To over come this problem, the database could be redesigned. The facets table could have four fields instead of three:

  1. facet id
  2. facet name
  3. facet note
  4. parent id

In such a scenario there is no need for a terms table. Root facets (terms) would have a parent id of 0. All other facets (terms) would have a parent id of some other facet. For example, here is how a hierarchical list of subjects might be created:

id name note parent id
1 Subjects Aboutness 0
2 Literature Writing 1
3 Astronomy Stars 1
4 English Literature Writing from the UK 2
5 French Literature Writing from France 2

Re-implementing the facet/term structure in this way would be a lot of work. It would change the database as well as the Perl API. Migrating applications from the current version of MyLibrary to another would be difficult. Moreover, how often do we really need infinitely deep hierarchies?

This is a possible problem to be solved.

Dublin Core is for initial discovery

I have heard people say, “MyLibrary is cool, but I can’t stuff all my data into its Dublin Core-based database structure.” When I hear I feel people don’t get the point; MyLibrary is not intended to contain all of your metadata, just the metadata primarily useful for initial discovery.

Once again, the framework of MyLibrary supports resources, people (librarians and patrons), and a simple controlled vocabulary scheme of your own design (facet and terms). The structure of resource objects is very Dublin Core-esque. There are additional attributes of resource objects that lend themselves very well as pointers to outside objects.
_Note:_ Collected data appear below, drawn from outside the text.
(* Let $q,n$ be positive integers. For every $j\in\{0,1,\dots,q-1\}$, the code $$\mathcal C_q^{(j)}(n;q-1)=\Big\{\mathbf x\in[q]^n:\ \sum_{i=1}^n x_i\equiv j\pmod{q}\Big\}$$ is an optimal $(\cdot,1,\cdot)$-AED code in $[q]^n$ (it is $(\cdot,1,\cdot)$-AED and has maximum cardinality among such codes), and $|\mathcal C_q^{(j)}(n;q-1)|=q^{n-1}$.
   Context: $[q]=\{0,1,\dots,q-1\}$. Channel over $[q]$ with $(\cdot,1,\cdot)$-asymmetric errors (a single asymmetric error of arbitrary magnitude): an input $\mathbf x\in[q]^n$ can produce any output $\mathbf y\in[q]^n$ with $y_i\ge x_i$ for all $i$ and $y_i\ne x_i$ for at most one index $i$. $\mathrm{Out}(\mathbf x)$ denotes the set of all such outputs. A code $\mathcal C\subseteq[q]^n$ is $(\cdot,1,\cdot)$-AED if for all $\mathbf x\in\mathcal C$ and $\mathbf y\in\mathrm{Out}(\mathbf x)$ with $\mathbf y\ne\mathbf x$, we have $\mathbf y\notin\mathcal C$. *)

theory Defs
  imports Main
begin

definition words :: "nat \<Rightarrow> nat \<Rightarrow> nat list set" where
  "words q n = {x. length x = n \<and> (\<forall>i<n. x ! i < q)}"

definition Out :: "nat \<Rightarrow> nat list \<Rightarrow> nat list set" where
  "Out q x = {y \<in> words q (length x).
      (\<forall>i<length x. x ! i \<le> y ! i) \<and> card {i. i < length x \<and> y ! i \<noteq> x ! i} \<le> 1}"

definition AED1 :: "nat \<Rightarrow> nat \<Rightarrow> nat list set \<Rightarrow> bool" where
  "AED1 q n C \<longleftrightarrow> C \<subseteq> words q n \<and>
     (\<forall>x\<in>C. \<forall>y\<in>Out q x. y \<noteq> x \<longrightarrow> y \<notin> C)"

definition optimal_AED1 :: "nat \<Rightarrow> nat \<Rightarrow> nat list set \<Rightarrow> bool" where
  "optimal_AED1 q n C \<longleftrightarrow> AED1 q n C \<and> (\<forall>D. AED1 q n D \<longrightarrow> card D \<le> card C)"

definition sum_code :: "nat \<Rightarrow> nat \<Rightarrow> nat \<Rightarrow> nat list set" where
  "sum_code q n j = {x \<in> words q n. sum_list x mod q = j mod q}"

end

theory Submission
  imports Defs
begin

text \<open>A single asymmetric error raises one coordinate by some amount \<open>d\<close> with \<open>0 < d < q\<close>,
  so it changes the coordinate sum by a nonzero residue mod \<open>q\<close>; hence every residue class of the
  coordinate sum is an error-detecting code. Conversely, two codewords of a detecting code cannot
  differ only in the first coordinate (the smaller one would be turned into the larger by a single
  error), so deleting the first coordinate is injective on the code and the code has at most
  \<open>q^(n-1)\<close> words. The sum codes attain this bound, since the first coordinate of a word in
  \<open>sum_code q n j\<close> can be chosen freely to correct the sum of the others.\<close>

lemma words_eq: "words q n = {xs. set xs \<subseteq> {0..<q} \<and> length xs = n}"
  unfolding words_def by (auto simp: in_set_conv_nth subset_iff)

lemma finite_words: "finite (words q n)"
  unfolding words_eq by (simp add: finite_lists_length_eq)

lemma card_words: "card (words q n) = q ^ n"
  unfolding words_eq by (simp add: card_lists_length_eq)

lemma Cons_in_words_iff: "a # t \<in> words q (Suc m) \<longleftrightarrow> a < q \<and> t \<in> words q m"
  unfolding words_eq by auto

lemma tl_in_words: "x \<in> words q n \<Longrightarrow> tl x \<in> words q (n - 1)"
  unfolding words_def by (auto simp: nth_tl)

lemma update_in_Out:
  assumes "x \<in> words q n" "i < n" "x ! i \<le> v" "v < q"
  shows "x[i := v] \<in> Out q x"
proof -
  have "{k. k < length x \<and> x[i := v] ! k \<noteq> x ! k} \<subseteq> {i}"
    by (auto intro: ccontr)
  then have "card {k. k < length x \<and> x[i := v] ! k \<noteq> x ! k} \<le> 1"
    using card_mono[of "{i}"] by fastforce
  moreover have "x[i := v] \<in> words q (length x)"
    using assms unfolding words_def by (simp add: nth_list_update)
  moreover have "\<forall>k<length x. x ! k \<le> x[i := v] ! k"
    using assms unfolding words_def by (simp add: nth_list_update)
  ultimately show ?thesis unfolding Out_def by blast
qed

lemma Out_obtain_update:
  assumes "y \<in> Out q x" "y \<noteq> x"
  obtains i where "i < length x" "x ! i < y ! i" "y = x[i := y ! i]"
proof -
  let ?D = "{k. k < length x \<and> y ! k \<noteq> x ! k}"
  have len: "length y = length x" and le: "\<forall>k<length x. x ! k \<le> y ! k"
    and card: "card ?D \<le> Suc 0"
    using assms(1) unfolding Out_def words_def by auto
  obtain i where i: "i < length x" "y ! i \<noteq> x ! i"
    using assms(2) len nth_equalityI[of y x] by auto
  have single: "\<forall>k\<in>?D. \<forall>k'\<in>?D. k = k'"
    using card by (subst (asm) card_le_Suc0_iff_eq) auto
  have "y = x[i := y ! i]"
  proof (rule nth_equalityI)
    fix k assume "k < length y"
    then show "y ! k = x[i := y ! i] ! k"
      using single i len by (cases "k = i") auto
  qed (simp add: len)
  with i le show thesis using that by fastforce
qed

lemma sum_list_update_raise:
  fixes x :: "nat list"
  assumes "i < length x" "x ! i \<le> v"
  shows "sum_list (x[i := v]) = sum_list x + (v - x ! i)"
proof -
  have "x ! i \<le> sum_list x" using assms(1) by (simp add: elem_le_sum_list)
  with assms show ?thesis by (simp add: sum_list_update)
qed

lemma mod_add_neq_mod:
  fixes s d q :: nat
  assumes "0 < d" "d < q"
  shows "(s + d) mod q \<noteq> s mod q"
proof
  assume "(s + d) mod q = s mod q"
  then have "q dvd d" using mod_eq_dvd_iff_nat[of s "s + d" q] by simp
  with assms show False by (simp add: nat_dvd_not_less)
qed

lemma AED1_sum_code: "AED1 q n (sum_code q n j)"
  unfolding AED1_def
proof (intro conjI ballI impI)
  show "sum_code q n j \<subseteq> words q n" unfolding sum_code_def by auto
next
  fix x y assume x: "x \<in> sum_code q n j" and y: "y \<in> Out q x" and "y \<noteq> x"
  obtain i where i: "i < length x" "x ! i < y ! i" and upd: "y = x[i := y ! i]"
    by (rule Out_obtain_update[OF y \<open>y \<noteq> x\<close>])
  have "y ! i < q" using y i unfolding Out_def words_def by auto
  with i have "(sum_list x + (y ! i - x ! i)) mod q \<noteq> sum_list x mod q"
    by (intro mod_add_neq_mod) auto
  moreover have "sum_list y = sum_list x + (y ! i - x ! i)"
    using i by (subst upd) (simp add: sum_list_update_raise)
  ultimately show "y \<notin> sum_code q n j" using x unfolding sum_code_def by auto
qed

lemma AED1_inj_on_tl:
  assumes "AED1 q n D"
  shows "inj_on tl D"
proof -
  have head_raise_impossible: False
    if "a # t \<in> D" "b # t \<in> D" "a < b" for a b t
  proof -
    have w: "a # t \<in> words q n" "b # t \<in> words q n"
      using that assms unfolding AED1_def by auto
    then have "n = Suc (length t)" unfolding words_def by simp
    with w(2) have "b < q" by (simp add: Cons_in_words_iff)
    with w(1) have "(a # t)[0 := b] \<in> Out q (a # t)"
      using that(3) by (intro update_in_Out[where n = n]) (auto simp: words_def)
    with that assms show False unfolding AED1_def by auto
  qed
  show ?thesis
  proof
    fix x z assume x: "x \<in> D" and z: "z \<in> D" and tl: "tl x = tl z"
    have len: "length x = length z" using x z assms unfolding AED1_def words_def by auto
    show "x = z"
    proof (cases "x = []")
      case False
      then obtain a t where x_Cons: "x = a # t" by (cases x) auto
      moreover obtain b where z_Cons: "z = b # t"
        using len tl x_Cons by (cases z) auto
      ultimately show ?thesis
        using head_raise_impossible[of a t b] head_raise_impossible[of b t a] x z by (cases a b rule: linorder_cases) auto
    qed (use len in simp)
  qed
qed

lemma card_AED1_le:
  assumes "AED1 q n D"
  shows "card D \<le> q ^ (n - 1)"
proof -
  have "tl ` D \<subseteq> words q (n - 1)"
    using assms tl_in_words unfolding AED1_def by blast
  then have "card (tl ` D) \<le> q ^ (n - 1)"
    using card_mono[OF finite_words] card_words by metis
  then show ?thesis using card_image[OF AED1_inj_on_tl[OF assms]] by simp
qed

lemma exists_mod_complement:
  fixes q s j :: nat
  assumes "q > 0"
  shows "\<exists>c<q. (c + s) mod q = j mod q"
proof (intro exI conjI)
  let ?c = "(j + (q - s mod q)) mod q"
  show "?c < q" using assms by simp
  have "j + (q - s mod q) + s = j + q * Suc (s div q)"
    using mod_less_divisor[OF assms, of s] mult_div_mod_eq[of q s]
    unfolding mult_Suc_right by linarith
  then have "(j + (q - s mod q) + s) mod q = j mod q" by (simp only: mod_mult_self2)
  then show "(?c + s) mod q = j mod q" by (simp add: mod_add_left_eq)
qed

lemma tl_image_sum_code:
  assumes "q > 0" "n > 0"
  shows "tl ` sum_code q n j = words q (n - 1)"
proof
  show "tl ` sum_code q n j \<subseteq> words q (n - 1)"
    unfolding sum_code_def using tl_in_words by blast
  show "words q (n - 1) \<subseteq> tl ` sum_code q n j"
  proof
    fix t assume t: "t \<in> words q (n - 1)"
    obtain c where "c < q" "(c + sum_list t) mod q = j mod q"
      using exists_mod_complement[OF assms(1)] by blast
    with t assms have "c # t \<in> sum_code q n j"
      unfolding sum_code_def by (cases n) (auto simp: Cons_in_words_iff)
    then show "t \<in> tl ` sum_code q n j" by (rule rev_image_eqI) simp
  qed
qed

theorem corollary1:
  fixes q n j :: nat
  assumes "q > 0" and "n > 0" and "j < q"
  shows "optimal_AED1 q n (sum_code q n j) \<and> card (sum_code q n j) = q ^ (n - 1)"
proof -
  have "card (sum_code q n j) = card (tl ` sum_code q n j)"
    using card_image[OF AED1_inj_on_tl[OF AED1_sum_code]] by simp
  also have "\<dots> = q ^ (n - 1)"
    by (simp only: tl_image_sum_code[OF assms(1,2)] card_words)
  finally show ?thesis
    using AED1_sum_code card_AED1_le unfolding optimal_AED1_def by simp
qed

end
FKey attributes and location objects come to mind. Save much of your metadata in MyLibrary, and point to the full record somewhere else.

Suppose then you had a set of MARC records (or XML files) and you wanted to use them as the foundation of our resource objects. You could implement a cross-walk from MARC to Dublin Core to MyLibrary. This would only give you some of the rich MARC data. Suppose too you knew exactly where an individual MARC record resided on your file system. You could then save this location as an FKey attribute. Next, you could full-text index your MARC records. Search results could return what ever you desired (titles, authors, etc.) or they could return MyLibrary resource ids or FKey values. Given this you could retrieve the full MARC record from the file system for final display.

“Okay,” you say, “but why, in this case, use MyLibrary at all?” The answer lies in the fact that there is more to digital libraries than search (indexing). You might want to create a browsable interface to your collection. That is a report against your database, not your index. You might want to create an OAI repository against your collection. That is another report against your database. You might want to transform your entire collection into another format, say for example, a printed catalog. (Heresy!) You might want to create relationships between different objects (resources to resources, resources to patrons, patrons to librarians, librarians to resources, etc.). All of these things are data manipulation function — functions for your database.

MyLibrary is not expected to be container for all your data. It is intended to save information about resources and people. Yes, the Dublin Core elements are limiting, but they are not useless. You do not need to save each and every metadata element of each and every resource object in a MyLibrary resource object, just the most important ones, and I assert those important once will almost always boil down to Dublin Core elements.